▶ [What the task asks]:
Go over the data below and say how many lines hold the word "thesis". Only the number is needed.

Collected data
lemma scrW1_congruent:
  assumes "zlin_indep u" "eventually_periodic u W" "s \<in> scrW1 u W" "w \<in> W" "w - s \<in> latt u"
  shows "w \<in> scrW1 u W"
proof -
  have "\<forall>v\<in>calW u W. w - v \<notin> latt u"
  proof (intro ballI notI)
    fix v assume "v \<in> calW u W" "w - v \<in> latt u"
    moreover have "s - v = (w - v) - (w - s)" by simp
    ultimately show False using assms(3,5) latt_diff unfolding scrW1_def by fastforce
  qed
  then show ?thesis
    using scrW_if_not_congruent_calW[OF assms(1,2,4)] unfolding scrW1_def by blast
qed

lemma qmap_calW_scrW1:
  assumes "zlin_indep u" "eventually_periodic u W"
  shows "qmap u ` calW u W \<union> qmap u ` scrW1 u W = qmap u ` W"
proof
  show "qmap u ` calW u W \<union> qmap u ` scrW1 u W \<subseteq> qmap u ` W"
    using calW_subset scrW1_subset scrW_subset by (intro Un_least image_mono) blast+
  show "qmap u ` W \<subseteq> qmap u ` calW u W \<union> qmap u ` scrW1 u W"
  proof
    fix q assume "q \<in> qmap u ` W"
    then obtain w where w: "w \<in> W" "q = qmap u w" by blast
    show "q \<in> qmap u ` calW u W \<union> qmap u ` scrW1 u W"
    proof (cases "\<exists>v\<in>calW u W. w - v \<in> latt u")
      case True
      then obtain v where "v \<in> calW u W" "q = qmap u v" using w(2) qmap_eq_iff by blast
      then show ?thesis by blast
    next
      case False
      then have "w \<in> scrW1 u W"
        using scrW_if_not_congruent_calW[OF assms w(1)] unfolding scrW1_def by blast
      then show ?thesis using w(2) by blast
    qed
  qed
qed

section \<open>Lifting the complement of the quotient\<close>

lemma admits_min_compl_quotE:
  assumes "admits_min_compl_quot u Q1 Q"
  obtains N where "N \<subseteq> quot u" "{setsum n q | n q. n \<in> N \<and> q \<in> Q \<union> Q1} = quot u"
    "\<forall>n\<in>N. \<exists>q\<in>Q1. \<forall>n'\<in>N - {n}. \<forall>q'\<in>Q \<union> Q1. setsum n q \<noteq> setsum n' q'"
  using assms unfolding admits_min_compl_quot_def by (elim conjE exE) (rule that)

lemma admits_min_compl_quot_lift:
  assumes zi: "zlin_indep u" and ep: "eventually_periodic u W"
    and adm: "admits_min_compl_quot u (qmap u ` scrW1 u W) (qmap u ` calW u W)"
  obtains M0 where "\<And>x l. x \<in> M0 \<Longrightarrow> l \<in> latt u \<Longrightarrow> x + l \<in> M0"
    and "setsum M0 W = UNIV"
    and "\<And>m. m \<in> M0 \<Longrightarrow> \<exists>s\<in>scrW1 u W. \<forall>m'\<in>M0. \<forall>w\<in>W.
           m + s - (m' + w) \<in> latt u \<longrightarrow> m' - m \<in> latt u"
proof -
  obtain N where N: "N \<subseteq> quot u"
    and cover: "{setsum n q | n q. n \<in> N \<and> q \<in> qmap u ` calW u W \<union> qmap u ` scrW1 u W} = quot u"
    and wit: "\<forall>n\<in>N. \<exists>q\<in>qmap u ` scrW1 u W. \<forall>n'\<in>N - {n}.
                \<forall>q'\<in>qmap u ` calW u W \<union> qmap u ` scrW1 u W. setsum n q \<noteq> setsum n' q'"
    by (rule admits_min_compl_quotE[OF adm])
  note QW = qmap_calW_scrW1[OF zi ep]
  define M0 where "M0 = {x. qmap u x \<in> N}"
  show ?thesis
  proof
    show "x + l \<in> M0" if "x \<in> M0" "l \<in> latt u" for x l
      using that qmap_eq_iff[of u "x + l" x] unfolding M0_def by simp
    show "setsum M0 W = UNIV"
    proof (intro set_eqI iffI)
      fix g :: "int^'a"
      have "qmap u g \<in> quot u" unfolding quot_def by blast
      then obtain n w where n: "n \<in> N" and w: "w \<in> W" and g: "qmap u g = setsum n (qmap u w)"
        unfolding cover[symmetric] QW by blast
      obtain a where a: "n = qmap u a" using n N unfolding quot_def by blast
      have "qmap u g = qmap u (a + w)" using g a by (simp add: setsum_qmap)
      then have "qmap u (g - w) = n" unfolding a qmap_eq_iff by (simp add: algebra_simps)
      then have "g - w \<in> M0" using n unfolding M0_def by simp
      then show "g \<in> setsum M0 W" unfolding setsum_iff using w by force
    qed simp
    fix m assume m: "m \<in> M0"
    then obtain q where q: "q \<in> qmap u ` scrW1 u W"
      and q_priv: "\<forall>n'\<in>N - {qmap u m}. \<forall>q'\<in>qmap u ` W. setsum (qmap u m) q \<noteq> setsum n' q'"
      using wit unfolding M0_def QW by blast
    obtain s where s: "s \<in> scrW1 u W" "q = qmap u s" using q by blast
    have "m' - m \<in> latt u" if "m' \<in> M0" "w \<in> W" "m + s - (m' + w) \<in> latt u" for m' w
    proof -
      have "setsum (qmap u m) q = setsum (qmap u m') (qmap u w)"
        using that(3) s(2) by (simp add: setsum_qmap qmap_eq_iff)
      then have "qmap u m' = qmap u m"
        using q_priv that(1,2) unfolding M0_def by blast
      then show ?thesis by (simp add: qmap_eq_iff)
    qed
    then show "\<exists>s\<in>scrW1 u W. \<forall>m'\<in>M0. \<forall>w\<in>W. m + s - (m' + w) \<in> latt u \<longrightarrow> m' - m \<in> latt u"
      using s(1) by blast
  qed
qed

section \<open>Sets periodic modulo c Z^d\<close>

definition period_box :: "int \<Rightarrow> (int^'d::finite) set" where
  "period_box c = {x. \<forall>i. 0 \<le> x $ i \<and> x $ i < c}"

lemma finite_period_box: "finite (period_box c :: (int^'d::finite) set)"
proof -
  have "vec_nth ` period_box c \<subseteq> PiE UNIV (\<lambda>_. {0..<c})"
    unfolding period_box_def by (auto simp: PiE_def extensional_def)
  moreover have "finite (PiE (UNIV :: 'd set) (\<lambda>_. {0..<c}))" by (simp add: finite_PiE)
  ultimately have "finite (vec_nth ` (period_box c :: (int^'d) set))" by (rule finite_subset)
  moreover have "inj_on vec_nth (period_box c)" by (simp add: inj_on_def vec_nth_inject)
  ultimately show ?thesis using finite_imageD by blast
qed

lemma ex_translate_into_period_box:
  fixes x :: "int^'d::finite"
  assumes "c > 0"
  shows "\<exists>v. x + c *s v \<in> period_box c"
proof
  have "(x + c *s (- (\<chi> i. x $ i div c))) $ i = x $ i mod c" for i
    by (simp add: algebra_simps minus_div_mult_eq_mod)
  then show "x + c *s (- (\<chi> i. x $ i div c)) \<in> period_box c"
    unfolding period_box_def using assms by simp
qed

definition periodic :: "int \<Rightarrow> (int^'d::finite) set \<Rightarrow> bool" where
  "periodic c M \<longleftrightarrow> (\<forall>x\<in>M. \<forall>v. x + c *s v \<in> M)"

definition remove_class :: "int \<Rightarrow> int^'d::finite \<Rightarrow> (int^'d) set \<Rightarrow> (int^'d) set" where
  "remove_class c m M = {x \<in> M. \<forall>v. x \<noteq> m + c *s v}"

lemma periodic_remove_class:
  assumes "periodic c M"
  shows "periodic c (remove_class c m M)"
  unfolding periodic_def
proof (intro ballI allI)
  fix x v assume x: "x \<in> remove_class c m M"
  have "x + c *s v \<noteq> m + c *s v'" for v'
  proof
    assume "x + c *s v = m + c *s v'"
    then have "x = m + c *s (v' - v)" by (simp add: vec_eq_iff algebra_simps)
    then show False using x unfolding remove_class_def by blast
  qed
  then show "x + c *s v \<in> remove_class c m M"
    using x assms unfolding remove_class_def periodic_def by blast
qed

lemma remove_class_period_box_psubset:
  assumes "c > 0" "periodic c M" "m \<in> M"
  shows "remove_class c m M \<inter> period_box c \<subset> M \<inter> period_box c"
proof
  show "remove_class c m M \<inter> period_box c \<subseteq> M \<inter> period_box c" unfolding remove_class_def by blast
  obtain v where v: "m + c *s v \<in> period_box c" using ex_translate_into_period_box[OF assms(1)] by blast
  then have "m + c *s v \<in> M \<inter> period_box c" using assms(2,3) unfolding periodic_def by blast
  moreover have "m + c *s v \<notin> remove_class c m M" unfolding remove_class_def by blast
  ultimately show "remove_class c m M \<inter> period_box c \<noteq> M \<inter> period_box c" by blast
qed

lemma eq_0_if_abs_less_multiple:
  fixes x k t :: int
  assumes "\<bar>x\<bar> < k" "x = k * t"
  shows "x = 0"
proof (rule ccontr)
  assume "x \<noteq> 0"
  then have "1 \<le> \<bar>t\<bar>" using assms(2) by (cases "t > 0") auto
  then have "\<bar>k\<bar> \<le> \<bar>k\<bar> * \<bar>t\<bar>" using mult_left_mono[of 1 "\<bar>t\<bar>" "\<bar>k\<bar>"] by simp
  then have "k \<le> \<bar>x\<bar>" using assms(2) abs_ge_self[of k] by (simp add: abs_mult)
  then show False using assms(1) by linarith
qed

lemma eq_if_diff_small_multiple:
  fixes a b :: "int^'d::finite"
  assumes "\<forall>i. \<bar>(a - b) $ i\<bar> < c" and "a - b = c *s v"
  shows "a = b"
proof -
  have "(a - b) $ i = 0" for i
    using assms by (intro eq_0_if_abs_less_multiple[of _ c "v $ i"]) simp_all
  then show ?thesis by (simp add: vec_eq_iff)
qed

==

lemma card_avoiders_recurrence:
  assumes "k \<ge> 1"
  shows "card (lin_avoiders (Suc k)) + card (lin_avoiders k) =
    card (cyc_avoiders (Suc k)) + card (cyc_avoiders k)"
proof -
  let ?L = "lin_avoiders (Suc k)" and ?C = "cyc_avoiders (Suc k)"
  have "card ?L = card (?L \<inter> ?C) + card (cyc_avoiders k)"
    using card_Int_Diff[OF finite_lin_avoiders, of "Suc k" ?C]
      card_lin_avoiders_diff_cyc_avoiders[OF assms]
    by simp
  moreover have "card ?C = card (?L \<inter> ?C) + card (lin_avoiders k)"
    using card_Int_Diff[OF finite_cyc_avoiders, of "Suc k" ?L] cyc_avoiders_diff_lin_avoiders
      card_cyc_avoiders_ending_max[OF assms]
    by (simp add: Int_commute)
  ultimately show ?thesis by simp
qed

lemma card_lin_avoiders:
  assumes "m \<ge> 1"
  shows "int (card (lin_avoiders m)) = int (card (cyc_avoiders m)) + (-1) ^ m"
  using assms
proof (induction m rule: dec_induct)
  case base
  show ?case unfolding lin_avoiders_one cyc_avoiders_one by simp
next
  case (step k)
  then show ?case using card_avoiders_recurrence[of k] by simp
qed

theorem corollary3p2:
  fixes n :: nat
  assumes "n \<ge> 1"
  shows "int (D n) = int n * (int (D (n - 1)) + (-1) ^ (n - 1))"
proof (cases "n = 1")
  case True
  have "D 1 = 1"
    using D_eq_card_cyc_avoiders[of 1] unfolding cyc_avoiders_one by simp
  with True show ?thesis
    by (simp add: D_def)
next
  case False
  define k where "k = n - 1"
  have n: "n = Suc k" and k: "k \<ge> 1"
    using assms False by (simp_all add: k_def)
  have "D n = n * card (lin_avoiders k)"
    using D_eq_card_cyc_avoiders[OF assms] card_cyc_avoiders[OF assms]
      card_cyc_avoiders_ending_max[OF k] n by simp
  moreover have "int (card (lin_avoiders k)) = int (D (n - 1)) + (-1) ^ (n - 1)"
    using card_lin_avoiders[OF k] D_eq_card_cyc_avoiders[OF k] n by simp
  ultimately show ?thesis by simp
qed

...

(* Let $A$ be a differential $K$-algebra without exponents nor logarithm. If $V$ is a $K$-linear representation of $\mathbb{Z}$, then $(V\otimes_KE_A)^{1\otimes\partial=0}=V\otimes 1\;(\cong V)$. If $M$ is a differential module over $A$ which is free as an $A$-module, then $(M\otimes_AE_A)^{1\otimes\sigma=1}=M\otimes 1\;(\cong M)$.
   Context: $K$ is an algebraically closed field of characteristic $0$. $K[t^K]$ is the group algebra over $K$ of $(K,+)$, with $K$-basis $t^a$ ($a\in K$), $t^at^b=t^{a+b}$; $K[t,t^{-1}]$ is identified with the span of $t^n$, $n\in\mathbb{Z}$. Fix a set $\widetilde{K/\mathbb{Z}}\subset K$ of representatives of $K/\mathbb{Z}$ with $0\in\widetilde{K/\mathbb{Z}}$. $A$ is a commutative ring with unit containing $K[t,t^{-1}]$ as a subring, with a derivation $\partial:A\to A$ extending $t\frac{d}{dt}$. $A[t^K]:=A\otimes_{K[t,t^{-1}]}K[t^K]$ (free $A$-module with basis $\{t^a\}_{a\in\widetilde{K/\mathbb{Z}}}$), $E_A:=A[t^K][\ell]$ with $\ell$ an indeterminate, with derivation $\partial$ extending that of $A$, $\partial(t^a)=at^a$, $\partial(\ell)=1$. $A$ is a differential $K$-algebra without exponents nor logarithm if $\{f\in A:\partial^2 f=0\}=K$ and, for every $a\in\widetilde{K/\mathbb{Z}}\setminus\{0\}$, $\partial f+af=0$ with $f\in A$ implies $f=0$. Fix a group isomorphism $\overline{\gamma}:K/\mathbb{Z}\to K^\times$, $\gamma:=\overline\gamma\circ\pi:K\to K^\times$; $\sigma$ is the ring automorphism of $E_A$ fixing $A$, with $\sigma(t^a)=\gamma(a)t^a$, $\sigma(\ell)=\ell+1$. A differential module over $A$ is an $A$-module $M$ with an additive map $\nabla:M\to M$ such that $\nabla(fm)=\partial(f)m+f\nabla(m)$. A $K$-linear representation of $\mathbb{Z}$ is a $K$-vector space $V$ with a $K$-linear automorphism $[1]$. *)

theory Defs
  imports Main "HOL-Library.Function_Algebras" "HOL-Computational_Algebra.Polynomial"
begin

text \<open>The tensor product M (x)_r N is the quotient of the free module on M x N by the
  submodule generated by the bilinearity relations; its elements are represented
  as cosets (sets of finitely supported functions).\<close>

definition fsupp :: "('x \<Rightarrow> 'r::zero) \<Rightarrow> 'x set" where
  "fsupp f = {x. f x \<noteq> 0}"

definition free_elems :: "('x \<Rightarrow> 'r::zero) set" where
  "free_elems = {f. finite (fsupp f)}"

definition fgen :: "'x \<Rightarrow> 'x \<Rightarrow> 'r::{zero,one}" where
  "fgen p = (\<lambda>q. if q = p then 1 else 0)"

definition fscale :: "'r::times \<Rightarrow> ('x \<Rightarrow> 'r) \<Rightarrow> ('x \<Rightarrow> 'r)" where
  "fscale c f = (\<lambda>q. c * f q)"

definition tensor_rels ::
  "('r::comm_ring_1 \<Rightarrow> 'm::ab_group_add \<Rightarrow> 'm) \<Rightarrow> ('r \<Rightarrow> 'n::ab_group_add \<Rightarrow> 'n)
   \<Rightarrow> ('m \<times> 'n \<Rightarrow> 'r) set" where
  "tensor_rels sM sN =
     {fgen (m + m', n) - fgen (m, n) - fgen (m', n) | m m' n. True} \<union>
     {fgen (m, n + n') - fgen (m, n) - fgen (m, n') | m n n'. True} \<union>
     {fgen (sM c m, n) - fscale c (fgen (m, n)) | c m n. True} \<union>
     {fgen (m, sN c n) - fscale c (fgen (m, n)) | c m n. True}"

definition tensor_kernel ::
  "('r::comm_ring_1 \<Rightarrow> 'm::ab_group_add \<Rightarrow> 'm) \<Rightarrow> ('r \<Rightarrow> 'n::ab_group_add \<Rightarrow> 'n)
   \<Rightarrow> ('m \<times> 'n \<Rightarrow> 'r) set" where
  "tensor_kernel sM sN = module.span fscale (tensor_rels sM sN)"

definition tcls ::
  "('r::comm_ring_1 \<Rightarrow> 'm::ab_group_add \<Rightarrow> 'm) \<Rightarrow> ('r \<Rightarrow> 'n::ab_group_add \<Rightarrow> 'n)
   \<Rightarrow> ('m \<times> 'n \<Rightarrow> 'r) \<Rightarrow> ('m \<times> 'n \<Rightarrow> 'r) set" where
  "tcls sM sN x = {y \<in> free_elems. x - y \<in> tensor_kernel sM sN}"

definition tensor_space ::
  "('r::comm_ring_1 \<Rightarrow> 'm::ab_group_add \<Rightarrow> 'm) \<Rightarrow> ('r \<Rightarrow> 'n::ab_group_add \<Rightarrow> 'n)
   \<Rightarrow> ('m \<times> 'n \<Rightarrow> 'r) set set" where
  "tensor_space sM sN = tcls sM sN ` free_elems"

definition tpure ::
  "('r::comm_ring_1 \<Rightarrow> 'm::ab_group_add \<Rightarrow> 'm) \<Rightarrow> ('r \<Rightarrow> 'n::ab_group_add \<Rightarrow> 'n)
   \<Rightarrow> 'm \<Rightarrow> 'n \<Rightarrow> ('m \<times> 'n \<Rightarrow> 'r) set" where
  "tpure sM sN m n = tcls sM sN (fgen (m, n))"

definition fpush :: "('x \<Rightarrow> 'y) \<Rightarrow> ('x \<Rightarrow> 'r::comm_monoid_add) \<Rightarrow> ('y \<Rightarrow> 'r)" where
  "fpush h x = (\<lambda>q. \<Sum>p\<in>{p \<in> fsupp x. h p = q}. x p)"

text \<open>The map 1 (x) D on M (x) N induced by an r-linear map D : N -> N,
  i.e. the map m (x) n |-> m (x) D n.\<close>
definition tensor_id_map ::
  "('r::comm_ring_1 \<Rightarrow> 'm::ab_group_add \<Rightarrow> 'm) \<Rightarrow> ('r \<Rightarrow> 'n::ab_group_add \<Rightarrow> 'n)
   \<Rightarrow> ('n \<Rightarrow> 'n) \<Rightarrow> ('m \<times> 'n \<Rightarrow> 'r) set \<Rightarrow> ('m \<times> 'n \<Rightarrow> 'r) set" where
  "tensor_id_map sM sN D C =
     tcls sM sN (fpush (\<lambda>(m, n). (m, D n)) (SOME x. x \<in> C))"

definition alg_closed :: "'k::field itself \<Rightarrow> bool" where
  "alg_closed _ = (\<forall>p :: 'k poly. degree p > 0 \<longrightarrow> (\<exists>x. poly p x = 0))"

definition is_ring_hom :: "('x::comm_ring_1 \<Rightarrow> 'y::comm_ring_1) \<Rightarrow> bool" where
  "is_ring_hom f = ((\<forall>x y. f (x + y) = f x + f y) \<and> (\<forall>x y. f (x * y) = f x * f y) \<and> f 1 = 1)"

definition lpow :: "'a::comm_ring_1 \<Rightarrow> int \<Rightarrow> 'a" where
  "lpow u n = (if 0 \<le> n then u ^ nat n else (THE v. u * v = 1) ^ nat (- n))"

▶ [Written answer]:
10